I am currently working on a project that involves rapid, continual logging of a rather application specific metric over a long lifetime. To do this I ended up using an NXP M0 and a 32MiB SPI flash chip. The logging is continual and needs to last many years in the field (10+), and is periodically checked by a human for trend spotting. Eventually the buffer fills up and starts overwritting old data which is perfectly fine. I came up with a simple algorithm to walk the whole flash device to find the current head after a power-up (the device is powered down rather frequently outside of my control) so logging can just continue where it left off. I can just brute force through this walk and do it with ~4s as worst case scenario.
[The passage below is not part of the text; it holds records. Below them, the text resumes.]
text \<open>An n-\<Sigma>-sequence: objects A 1 .. A n and maps \<alpha> 1 .. \<alpha> n
(values outside 1..n are irrelevant).\<close>
type_synonym ('o,'m) nseq = "(nat \<Rightarrow> 'o) \<times> (nat \<Rightarrow> 'm)"

definition sgnm :: "('o,'m) acat \<Rightarrow> nat \<Rightarrow> 'm \<Rightarrow> 'm" where
  "sgnm C k f = (if even k then f else c_neg C f)"

text \<open>Matrix [a b; c d] : X1 \<oplus> X2 \<rightarrow> Y1 \<oplus> Y2, given source projections p1 p2
and target injections j1 j2.\<close>
definition mat :: "('o,'m) acat \<Rightarrow> 'm \<Rightarrow> 'm \<Rightarrow> 'm \<Rightarrow> 'm \<Rightarrow> 'm \<Rightarrow> 'm \<Rightarrow> 'm \<Rightarrow> 'm \<Rightarrow> 'm" where
  "mat C p1 p2 j1 j2 a b c d =
     c_add C (c_add C (c_cmp C j1 (c_cmp C a p1)) (c_cmp C j1 (c_cmp C b p2)))
             (c_add C (c_cmp C j2 (c_cmp C c p1)) (c_cmp C j2 (c_cmp C d p2)))"

definition matD :: "('o,'m) acat \<Rightarrow> 'o \<Rightarrow> 'o \<Rightarrow> 'o \<Rightarrow> 'o \<Rightarrow> 'm \<Rightarrow> 'm \<Rightarrow> 'm \<Rightarrow> 'm \<Rightarrow> 'm" where
  "matD C X1 X2 Y1 Y2 a b c d =
     mat C (c_pr1 C X1 X2) (c_pr2 C X1 X2) (c_in1 C Y1 Y2) (c_in2 C Y1 Y2) a b c d"

definition is_seq :: "('o,'m) acat \<Rightarrow> nat \<Rightarrow> ('o,'m) nseq \<Rightarrow> bool" where
  "is_seq C n S \<longleftrightarrow>
     (\<forall>i \<in> {1..n}. fst S i \<in> c_ob C) \<and>
     (\<forall>i \<in> {1..<n}. snd S i \<in> hom C (fst S i) (fst S (Suc i))) \<and>
     snd S n \<in> hom C (fst S n) (c_shO C (fst S 1))"

definition rot :: "('o,'m) acat \<Rightarrow> nat \<Rightarrow> ('o,'m) nseq \<Rightarrow> ('o,'m) nseq" where
  "rot C n S =
     ((\<lambda>i. if i = n then c_shO C (fst S 1) else fst S (Suc i)),
      (\<lambda>i. if i = n then sgnm C n (c_shM C (snd S 1)) else snd S (Suc i)))"

definition is_smor :: "('o,'m) acat \<Rightarrow> nat \<Rightarrow> ('o,'m) nseq \<Rightarrow> ('o,'m) nseq \<Rightarrow> (nat \<Rightarrow> 'm) \<Rightarrow> bool" where
  "is_smor C n S T \<phi> \<longleftrightarrow> is_seq C n S \<and> is_seq C n T \<and>
     (\<forall>i \<in> {1..n}. \<phi> i \<in> hom C (fst S i) (fst T i)) \<and>
     (\<forall>i \<in> {1..<n}. c_cmp C (\<phi> (Suc i)) (snd S i) = c_cmp C (snd T i) (\<phi> i)) \<and>
     c_cmp C (c_shM C (\<phi> 1)) (snd S n) = c_cmp C (snd T n) (\<phi> n)"

definition is_siso :: "('o,'m) acat \<Rightarrow> nat \<Rightarrow> ('o,'m) nseq \<Rightarrow> ('o,'m) nseq \<Rightarrow> (nat \<Rightarrow> 'm) \<Rightarrow> bool" where
  "is_siso C n S T \<phi> \<longleftrightarrow> is_smor C n S T \<phi> \<and>
     (\<forall>i \<in> {1..n}. \<exists>\<psi> \<in> hom C (fst T i) (fst S i).
        c_cmp C \<psi> (\<phi> i) = c_id C (fst S i) \<and> c_cmp C (\<phi> i) \<psi> = c_id C (fst T i))"

text \<open>Termwise direct sum; the last map lands in \<Sigma>(A1 \<oplus> B1), whose biproduct
structure is the \<Sigma>-image of that of A1 \<oplus> B1.\<close>
definition ssum :: "('o,'m) acat \<Rightarrow> nat \<Rightarrow> ('o,'m) nseq \<Rightarrow> ('o,'m) nseq \<Rightarrow> ('o,'m) nseq" where
  "ssum C n S T =
     ((\<lambda>i. c_dsum C (fst S i) (fst T i)),
      (\<lambda>i. if i < n then
             matD C (fst S i) (fst T i) (fst S (Suc i)) (fst T (Suc i))
               (snd S i) (c_zer C (fst T i) (fst S (Suc i)))
               (c_zer C (fst S i) (fst T (Suc i))) (snd T i)
           else
             mat C (c_pr1 C (fst S n) (fst T n)) (c_pr2 C (fst S n) (fst T n))
               (c_shM C (c_in1 C (fst S 1) (fst T 1))) (c_shM C (c_in2 C (fst S 1) (fst T 1)))
               (snd S n) (c_zer C (fst T n) (c_shO C (fst S 1)))
               (c_zer C (fst S n) (c_shO C (fst T 1))) (snd T n)))"
lemma graded_decomposition_unique:
  "graded_decomposition Gam Rg c x \<Longrightarrow> graded_decomposition Gam Rg c' x \<Longrightarrow> c = c'"
  using grading unfolding grid_grading_def internal_direct_sum_iff by blast

lemma graded_decomposition_homogeneous:
  assumes "g \<in> Gam" "x \<in> Rg g"
  shows "graded_decomposition Gam Rg (\<lambda>h. if h = g then x else 0) x"
proof -
  have "{h. (if h = g then x else 0) \<noteq> 0} \<subseteq> {g}" by auto
  then show ?thesis
    using assms zero_mem_grade unfolding graded_decomposition_def
    by (auto simp: finite_subset sum.delta)
qed

lemma grade_unique:
  assumes "x \<noteq> 0" "g \<in> Gam" "h \<in> Gam" "x \<in> Rg g" "x \<in> Rg h"
  shows "g = h"
  using graded_decomposition_unique[OF graded_decomposition_homogeneous[OF assms(2,4)]
      graded_decomposition_homogeneous[OF assms(3,5)]] assms(1)
  by (metis (mono_tags))

lemma grade_preserving_injective:
  assumes "additive f" and grade: "\<And>g u. g \<in> Gam \<Longrightarrow> u \<in> Rg g \<Longrightarrow> f u \<in> Rg g"
    and inj: "\<And>g u. g \<in> Gam \<Longrightarrow> u \<in> Rg g \<Longrightarrow> f u = 0 \<Longrightarrow> u = 0"
    and "f y = 0"
  shows "y = 0"
proof -
  obtain c where dec: "graded_decomposition Gam Rg c y"
    using grading unfolding grid_grading_def internal_direct_sum_iff by blast
  have "graded_decomposition Gam Rg (\<lambda>_. 0) 0"
    using zero_mem_grade unfolding graded_decomposition_def by simp
  then have "f \<circ> c = (\<lambda>_. 0)"
    using graded_decomposition_unique graded_decomposition_map[OF assms(1), of Gam Rg, OF grade dec] \<open>f y = 0\<close> by metis
  then have "c = (\<lambda>_. 0)"
    using dec inj unfolding graded_decomposition_def by (metis comp_apply)
  then show ?thesis using dec unfolding graded_decomposition_def by simp
qed

end

locale reduced_grid_graded_ring = grid_graded_ring sm Gam e D op Rg
  for sm :: "'k::comm_ring_1 \<Rightarrow> 'r::ring_1 \<Rightarrow> 'r" and Gam e D op and Rg :: "'g \<Rightarrow> 'r set" +
  assumes reduced: "reduced TYPE('r)"
begin

lemma power_nonzero: "(x::'r) \<noteq> 0 \<Longrightarrow> x ^ n \<noteq> 0"
  using reduced unfolding reduced_def by blast

lemma power_mem_grade:
  assumes "g \<in> Gam" "x \<in> Rg g" "x \<noteq> 0"
  shows "grid_pow op e g n \<in> Gam \<and> x ^ n \<in> Rg (grid_pow op e g n)"
proof (induction n)
  case 0
  show ?case using one_mem one_mem_grade by simp
next
  case (Suc n)
  have "x ^ n * x \<noteq> 0" using power_nonzero[OF assms(3), of "Suc n"] by (metis power_Suc2)
  then have "(grid_pow op e g n, g) \<in> D" "x ^ n * x \<in> Rg (op (grid_pow op e g n) g)"
    using mult_nonzero_grade[OF _ assms(1) _ assms(2)] Suc by blast+
  then show ?case using op_mem by (metis grid_pow.simps(2) power_Suc2)
qed

lemma grid_pow_mem_support:
  "g \<in> grading_support Gam Rg \<Longrightarrow> grid_pow op e g n \<in> grading_support Gam Rg"
  using power_mem_grade power_nonzero unfolding grading_support_iff by blast

lemma grid_pow_add:
  assumes "g \<in> grading_support Gam Rg"
  shows "(grid_pow op e g a, grid_pow op e g b) \<in> D"
    and "grid_pow op e g (a + b) = op (grid_pow op e g a) (grid_pow op e g b)"
proof -
  obtain x where x: "g \<in> Gam" "x \<in> Rg g" "x \<noteq> 0" using assms grading_support_iff by blast
  have nonzero: "x ^ a * x ^ b \<noteq> 0" using power_nonzero[OF x(3), of "a + b"] by (simp add: power_add)
  show D: "(grid_pow op e g a, grid_pow op e g b) \<in> D"
    using mult_nonzero_grade(1)[OF _ _ _ _ nonzero] power_mem_grade[OF x] by blast
  have "x ^ (a + b) \<in> Rg (op (grid_pow op e g a) (grid_pow op e g b))"
    using mult_nonzero_grade(2)[OF _ _ _ _ nonzero] power_mem_grade[OF x] by (simp add: power_add)
  then show "grid_pow op e g (a + b) = op (grid_pow op e g a) (grid_pow op e g b)"
    using grade_unique[OF power_nonzero[OF x(3)]] power_mem_grade[OF x] op_mem[OF D] by blast
qed

lemma grid_gen_singleton:
  assumes g: "g \<in> grading_support Gam Rg"
  shows "grid_gen Gam e D op {g} = range (grid_pow op e g)"
proof (rule grid_gen_eqI)
  have "range (grid_pow op e g) \<subseteq> Gam" using grid_pow_mem_support[OF g] grading_support_iff by blast
  then show "subgrid Gam e D op (range (grid_pow op e g))"
  proof (rule subgridI[OF grid])
    show "e \<in> range (grid_pow op e g)" by (metis grid_pow.simps(1) rangeI)
    fix u v assume "u \<in> range (grid_pow op e g)" "v \<in> range (grid_pow op e g)"
    then obtain a b where "u = grid_pow op e g a" "v = grid_pow op e g b" by blast
    then show "op u v \<in> range (grid_pow op e g)" by (metis grid_pow_add(2)[OF g] rangeI)
  qed
  have "grid_pow op e g 1 = g" using g grading_support_iff by simp
  then show "{g} \<subseteq> range (grid_pow op e g)" by (metis empty_subsetI insert_subset rangeI)
  show "range (grid_pow op e g) \<subseteq> U" if U: "subgrid Gam e D op U" "{g} \<subseteq> U" for U
  proof -
    have "grid_pow op e g n \<in> U" for n
    proof (induction n)
      case (Suc n)
      have "(grid_pow op e g n, g) \<in> D" using grid_pow_add(1)[OF g, of n 1] g grading_support_iff by simp
      with Suc U show ?case using subgrid_closed by simp
    qed (use subgrid_one[OF U(1)] in simp)
    then show ?thesis by blast
  qed
qed

end

locale finite_reduced_grid_graded_ring = reduced_grid_graded_ring sm Gam e D op Rg
  for sm :: "'k::comm_ring_1 \<Rightarrow> 'r::ring_1 \<Rightarrow> 'r" and Gam e D op and Rg :: "'g \<Rightarrow> 'r set" +
  assumes finite_support: "finite (grading_support Gam Rg)"
begin

lemma grid_pow_period:
  assumes g: "g \<in> grading_support Gam Rg"
  obtains m where "0 < m" "grid_pow op e g m = e"
proof -
  have "finite (range (grid_pow op e g))"
    using finite_subset[OF _ finite_support] grid_pow_mem_support[OF g] by blast
  then obtain m where "0 < m" and idem: "op (grid_pow op e g m) (grid_pow op e g m) = grid_pow op e g m"
    using finite_range_hom_idempotent[of "grid_pow op e g" op, OF grid_pow_add(2)[OF g]] by blast
  moreover have "grid_pow op e g m = e"
    using idempotent_eq_one[OF _ grid_pow_add(1)[OF g] idem] grid_pow_mem_support[OF g]
    unfolding grading_support_iff by blast
  ultimately show ?thesis using that by blast
qed

lemma grid_gen_singleton_finite_cyclic:
  assumes g: "g \<in> grading_support Gam Rg"
  shows "grid_gen Gam e D op {g} \<subseteq> grading_support Gam Rg"
    and "finite_cyclic_grid_group e D op (grid_gen Gam e D op {g})"
proof -
  show "grid_gen Gam e D op {g} \<subseteq> grading_support Gam Rg"
    using grid_gen_singleton[OF g] grid_pow_mem_support[OF g] by auto
  then have "finite (range (grid_pow op e g))"
    using finite_subset[OF _ finite_support] grid_gen_singleton[OF g] by simp
  moreover obtain m where "0 < m" "grid_pow op e g m = e" using grid_pow_period[OF g] .
  moreover have "range (grid_pow op e g) \<times> range (grid_pow op e g) \<subseteq> D"
    using grid_pow_add(1)[OF g] by auto
  ultimately show "finite_cyclic_grid_group e D op (grid_gen Gam e D op {g})"
    unfolding grid_gen_singleton[OF g]
    by (intro finite_cyclic_grid_group_range[of "grid_pow op e g" op, OF grid_pow_add(2)[OF g]]) simp_all
qed

lemma power_mem_grade_one:
  assumes "g \<in> Gam" "x \<in> Rg g" "x \<noteq> 0"
  obtains m where "0 < m" "x ^ m \<in> Rg e" "x ^ m \<noteq> 0" "grid_pow op e g m = e"
proof -
  have "g \<in> grading_support Gam Rg" using assms grading_support_iff by blast
  then obtain m where "0 < m" "grid_pow op e g m = e" using grid_pow_period by blast
  then show ?thesis using that power_mem_grade[OF assms] power_nonzero[OF assms(3)] by metis
qed

end

lemma field_sub_imp_domain_sub: "field_sub A \<Longrightarrow> domain_sub A"
  unfolding field_sub_def domain_sub_def
  by (metis mult.assoc mult_1 mult_zero_right)
definition calibrated_preorbit :: "(seq \<Rightarrow> real) \<Rightarrow> (seq \<Rightarrow> real) \<Rightarrow> (nat \<Rightarrow> seq) \<Rightarrow> bool" where
  "calibrated_preorbit \<phi> u Y \<longleftrightarrow> (\<forall>k. Y k \<in> Xsp \<and> shift (Y (Suc k)) = Y k \<and>
     \<phi> (Y (Suc k)) + u (Y (Suc k)) = u (Y k) + alpha \<phi>)"

lemma calibrated_preorbit_exists:
  assumes "calibrated_subaction \<phi> u" "y \<in> Xsp"
  obtains Y where "calibrated_preorbit \<phi> u Y" "Y 0 = y"
proof -
  have "\<forall>x\<in>Xsp. \<exists>w. w \<in> Xsp \<and> shift w = x \<and> \<phi> w + u w = u x + alpha \<phi>"
    using assms(1) unfolding calibrated_subaction_def by blast
  then obtain p where p: "\<And>x. x \<in> Xsp \<Longrightarrow> p x \<in> Xsp \<and> shift (p x) = x \<and> \<phi> (p x) + u (p x) = u x + alpha \<phi>"
    by metis
  have "(p ^^ k) y \<in> Xsp" for k
    by (induction k) (simp_all add: assms(2) p)
  then have "calibrated_preorbit \<phi> u (\<lambda>k. (p ^^ k) y)"
    by (simp add: calibrated_preorbit_def p)
  then show ?thesis using that by simp
qed

lemma funpow_shift_preorbit:
  assumes "calibrated_preorbit \<phi> u Y"
  shows "(shift ^^ n) (Y (m + n)) = Y m"
proof (induction n arbitrary: m)
  case (Suc n)
  have "(shift ^^ Suc n) (Y (m + Suc n)) = (shift ^^ n) (shift (Y (Suc (m + n))))"
    by (simp only: funpow_Suc_right comp_apply add_Suc_right)
  also have "\<dots> = Y m"
    using assms Suc.IH by (simp add: calibrated_preorbit_def)
  finally show ?case .
qed simp

lemma birk_preorbit:
  assumes "calibrated_preorbit \<phi> u Y"
  shows "birk \<phi> n (Y (m + n)) = u (Y m) - u (Y (m + n))"
proof (induction n arbitrary: m)
  case 0 then show ?case by (simp add: birk_def)
next
  case (Suc n)
  have "birk \<phi> (Suc n) (Y (Suc m + n)) = birk \<phi> n (Y (Suc m + n)) + (\<phi> (Y (Suc m)) - alpha \<phi>)"
    using funpow_shift_preorbit[OF assms, of n "Suc m"] by (simp add: birk_Suc)
  also have "\<dots> = u (Y m) - u (Y (Suc m + n))"
    using assms Suc.IH[of "Suc m"] by (simp add: calibrated_preorbit_def algebra_simps)
  finally show ?case by simp
qed

lemma mane_self_nonpos_at_preorbit_limit:
  assumes Y: "calibrated_preorbit \<phi> u Y" and r: "strict_mono r"
    and dist_lim: "(\<lambda>n. dX l (Y (r n))) \<longlonglongrightarrow> 0" and u_lim: "(\<lambda>n. u (Y (r n))) \<longlonglongrightarrow> u l"
  shows "mane \<phi> l l \<le> 0"
  unfolding mane_eq_SUP
proof (rule SUP_least)
  fix e :: real assume "e \<in> {0<..}"
  let ?S = "{ereal (birk \<phi> n z) | n z. n \<ge> 1 \<and> z \<in> Bset l l n e}"
  have "\<forall>\<^sub>F N in sequentially. dX l (Y (r N)) < e \<and> dX l (Y (r (Suc N))) < e"
    using \<open>e \<in> {0<..}\<close> by (intro eventually_conj order_tendstoD(2)[OF dist_lim]
        order_tendstoD(2)[OF LIMSEQ_Suc[OF dist_lim]]) auto
  then have "\<forall>\<^sub>F N in sequentially. Inf ?S \<le> ereal (u (Y (r N)) - u (Y (r (Suc N))))"
  proof eventually_elim
    case (elim N)
    define k where "k = r (Suc N) - r N"
    have "r N < r (Suc N)" using strict_monoD[OF r] by simp
    then have k: "1 \<le> k" "r (Suc N) = r N + k" by (auto simp: k_def)
    have "Y (r (Suc N)) \<in> Bset l l k e"
      using elim Y funpow_shift_preorbit[OF Y, of k "r N"]
      by (auto simp: Bset_def dX_sym calibrated_preorbit_def k(2))
    then have "Inf ?S \<le> ereal (birk \<phi> k (Y (r (Suc N))))"
      using k(1) by (intro Inf_lower) blast
    also have "birk \<phi> k (Y (r (Suc N))) = u (Y (r N)) - u (Y (r (Suc N)))"
      using birk_preorbit[OF Y, of k "r N"] by (simp add: k(2))
    finally show ?case .
  qed
  moreover have "(\<lambda>N. ereal (u (Y (r N)) - u (Y (r (Suc N))))) \<longlonglongrightarrow> 0"
    using tendsto_diff[OF u_lim LIMSEQ_Suc[OF u_lim]] by (simp add: zero_ereal_def)
  ultimately show "Inf ?S \<le> 0"
    by (intro tendsto_le[OF trivial_limit_sequentially _ tendsto_const])
qed
lemma abs_add_powr_le_convex:
  fixes a b A B q :: real
  assumes q: "q \<ge> 1" and AB: "0 < A" "0 < B"
  shows "\<bar>a + b\<bar> powr q \<le>
    (A + B) powr q * (A / (A + B) * (\<bar>a\<bar> / A) powr q + B / (A + B) * (\<bar>b\<bar> / B) powr q)"
proof -
  define t where "t = A / (A + B)"
  have t: "0 \<le> t" "t \<le> 1" "1 - t = B / (A + B)" using AB by (auto simp: t_def field_simps)
  have "\<bar>a + b\<bar> powr q \<le> (\<bar>a\<bar> + \<bar>b\<bar>) powr q"
    using q by (intro powr_mono2) auto
  also have "\<bar>a\<bar> + \<bar>b\<bar> = (A + B) * ((1 - t) * (\<bar>b\<bar> / B) + t * (\<bar>a\<bar> / A))"
  proof -
    have "(1 - t) * (\<bar>b\<bar> / B) + t * (\<bar>a\<bar> / A) = (\<bar>a\<bar> + \<bar>b\<bar>) / (A + B)"
      unfolding t(3) using AB by (simp add: t_def add_divide_distrib)
    then show ?thesis using AB by simp
  qed
  also have "((A + B) * ((1 - t) * (\<bar>b\<bar> / B) + t * (\<bar>a\<bar> / A))) powr q
      = (A + B) powr q * ((1 - t) * (\<bar>b\<bar> / B) + t * (\<bar>a\<bar> / A)) powr q"
    using AB t by (auto intro: powr_mult)
  also have "\<dots> \<le> (A + B) powr q * ((1 - t) * (\<bar>b\<bar> / B) powr q + t * (\<bar>a\<bar> / A) powr q)"
  proof (cases "t = 0 \<or> t = 1")
    case True
    then show ?thesis by auto
  next
    case False
    with t have "0 < t" "t < 1" by auto
    with convex_onD[OF convex_on_powr_nonneg[OF q], of t "\<bar>b\<bar> / B" "\<bar>a\<bar> / A"] AB
    show ?thesis by (intro mult_left_mono) auto
  qed
  finally have "\<bar>a + b\<bar> powr q \<le>
    (A + B) powr q * ((1 - t) * (\<bar>b\<bar> / B) powr q + t * (\<bar>a\<bar> / A) powr q)" .
  from this[unfolded t(3), unfolded t_def] show ?thesis by (simp only: add.commute)
qed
This got me thinking, are there any log structured filesystems that are catered to flash devices and microcontrollers? JFFS and all the other well known Log Structured FSs I imagine would be a little heavy for a simple microcontroller (depends on the application of course). To be more specific, I would like to know of any algorithms that are designed to specifically be a circular log with fast head seek time and/or any that are designed for a "traditional" filesystem on a flash device that can be run on a microcontroller. Traditional in this sense being on-par with something like JFFS where there is a data structure that represents a collection of mutable random-access files in a hierarchical name space.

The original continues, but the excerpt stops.